Well ... first ... public schools CAN'T kick students out for nonperformance or learning disabilities -- we take all comers. You can only expel a student from a public school for egregious criminal or dangerous, or prolonged bad behavior ... and then, they get shipped off to another public school
As to private schools? I don't have data. But it is a fairly obvious fact that people who go to them have parents who are paying tuition on top of the tax they pay to support their kids going to a public school they could have been going to at no additional cost. I don't need statistics to back that up.

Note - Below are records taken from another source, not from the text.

lemma nn_integral_jump_rate_affine_le:
  assumes fin: "total_rate Q a \<noteq> \<top>" and l: "0 < l" and m: "0 < m" and D: "0 \<le> D"
    and V: "\<And>b. 0 \<le> V b" and drift: "drift_bounded Q V l D" and \<alpha>: "0 \<le> \<alpha>"
  defines "q \<equiv> enn2real (total_rate Q a)"
  shows "(\<integral>\<^sup>+ b. ennreal (jump_rate Q a b) * ennreal (\<alpha> + (V b + D / l) / m) \<partial>count_space UNIV)
    \<le> ennreal ((l + q) * (q / (l + q) * \<alpha> + (V a + D / l) / m))"
proof -
  have q: "0 \<le> q"
    by (simp add: q_def)
  have rate: "(\<integral>\<^sup>+ b. ennreal (jump_rate Q a b) \<partial>count_space UNIV) = ennreal q"
    unfolding q_def using fin by (rule nn_integral_jump_rate_eq)
  define I where "I = enn2real (\<integral>\<^sup>+ b. ennreal (jump_rate Q a b) * ennreal (V b) \<partial>count_space UNIV)"
  have drift_a: "(\<integral>\<^sup>+ b. ennreal (jump_rate Q a b) * ennreal (V b) \<partial>count_space UNIV)
      \<le> ennreal (q * V a + l * V a + D)"
    using drift by (simp add: drift_bounded_def q_def)
  then have I: "(\<integral>\<^sup>+ b. ennreal (jump_rate Q a b) * ennreal (V b) \<partial>count_space UNIV) = ennreal I"
    unfolding I_def using neq_top_trans[OF ennreal_neq_top drift_a] by (simp add: less_top)
  have "0 \<le> q * V a + l * V a + D"
    using q l D V[of a] by simp
  then have I_le: "I \<le> q * V a + l * V a + D"
    using drift_a unfolding I by (metis ennreal_le_iff)
  have "(\<integral>\<^sup>+ b. ennreal (jump_rate Q a b) * ennreal (\<alpha> + (V b + D / l) / m) \<partial>count_space UNIV)
      = (\<integral>\<^sup>+ b. ennreal \<alpha> * ennreal (jump_rate Q a b)
            + ennreal (1 / m) * (ennreal (jump_rate Q a b) * ennreal (V b))
            + ennreal (D / (l * m)) * ennreal (jump_rate Q a b) \<partial>count_space UNIV)"
  proof (intro nn_integral_cong)
    fix b
    have "ennreal (\<alpha> + (V b + D / l) / m) = ennreal \<alpha> + ennreal (1 / m) * ennreal (V b) + ennreal (D / (l * m))"
      using \<alpha> m l D V[of b] by (simp add: add_divide_distrib ennreal_mult''[symmetric] del: ennreal_mult'')
    then show "ennreal (jump_rate Q a b) * ennreal (\<alpha> + (V b + D / l) / m)
        = ennreal \<alpha> * ennreal (jump_rate Q a b)
          + ennreal (1 / m) * (ennreal (jump_rate Q a b) * ennreal (V b))
          + ennreal (D / (l * m)) * ennreal (jump_rate Q a b)"
      by (simp add: algebra_simps)
  qed
  also have "\<dots> = ennreal (\<alpha> * q + I / m + D / (l * m) * q)"
    using \<alpha> q m l D enn2real_nonneg[of "\<integral>\<^sup>+ b. ennreal (jump_rate Q a b) * ennreal (V b) \<partial>count_space UNIV"]
    unfolding I_def[symmetric]
    by (simp add: nn_integral_add nn_integral_cmult rate I ennreal_mult''[symmetric] divide_ennreal
        del: ennreal_mult'')
  also have "\<dots> \<le> ennreal (\<alpha> * q + (q * V a + l * V a + D) / m + D / (l * m) * q)"
    using I_le m by (intro ennreal_leI add_mono order_refl divide_right_mono) auto
  also have "\<dots> = ennreal ((l + q) * (q / (l + q) * \<alpha> + (V a + D / l) / m))"
  proof -
    have "(l + q) * (q / (l + q) * \<alpha>) = \<alpha> * q"
      using l q by simp
    moreover have "(l + q) * ((V a + D / l) / m) = (q * V a + l * V a + D) / m + D / (l * m) * q"
      using l m by (simp add: field_simps)
    ultimately show ?thesis
      by (simp only: distrib_left add.assoc)
  qed
  finally show ?thesis .
qed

and again, no statistics, but I've long held that the most important part of the education process is the parent...I think most teachers are at least pretty good at what they do ... but without the parent being concerned, you can have the greatest teacher in the world, but the student is apt not to learn as much as they could. By paying extra for education? Those parents are demonstrating they care --otherwise they wouldn't do it. so, they are likely to be a group of students who are more prone to success.
Lastly, my last teaching job was at avery good public high school right down the road from a very expensive private Catholic school. So frequently, I would take in students who had been at that school who for whatever reason (financial, behavioral, academic) and they would frequently enter my math class with an A or B ...and be completely unable to do anything. Their grades, with almost no exception would plummet. If you pay for school ... you expect to get good grades back ... and at least this private school seems to be okay with that. And winning football games.
Oh max, who are you trying to kid? Of course public schools can kick students out for nonperformance, learning disabilities or pretty much anything else. The law may say one thing but the law doesn't enforce itself. If a kid's a big enough pain in the butt then the district will simply assign him to an inconvenient school and not chase him when he stops showing up.
And of course parents are important but the public education system largely renders parents impotent depriving parents of their authority to oversee their child's education. Part of the draw of private schools is that parents are in a significantly stronger position to advocate for their children since it's the parents writing the checks.
It's the that exercise of authority that's important and that differentiates a private, and a charter school, from the district schools. As I've pointed out before districts can afford, or at least could afford to be indifferent to parental concerns but by their nature private, and charter, schools can't afford to be so blasé about parental concerns.
One upset parent might not shut a private or charter school but ten parents represents a significant chunk of cash so private and charter schools are strongly motivated to be a bit more circumspect about parental sentiment then are school districts.
With regard to your experiences with refugees from that Catholic school, try not to contradict yourself in a single post.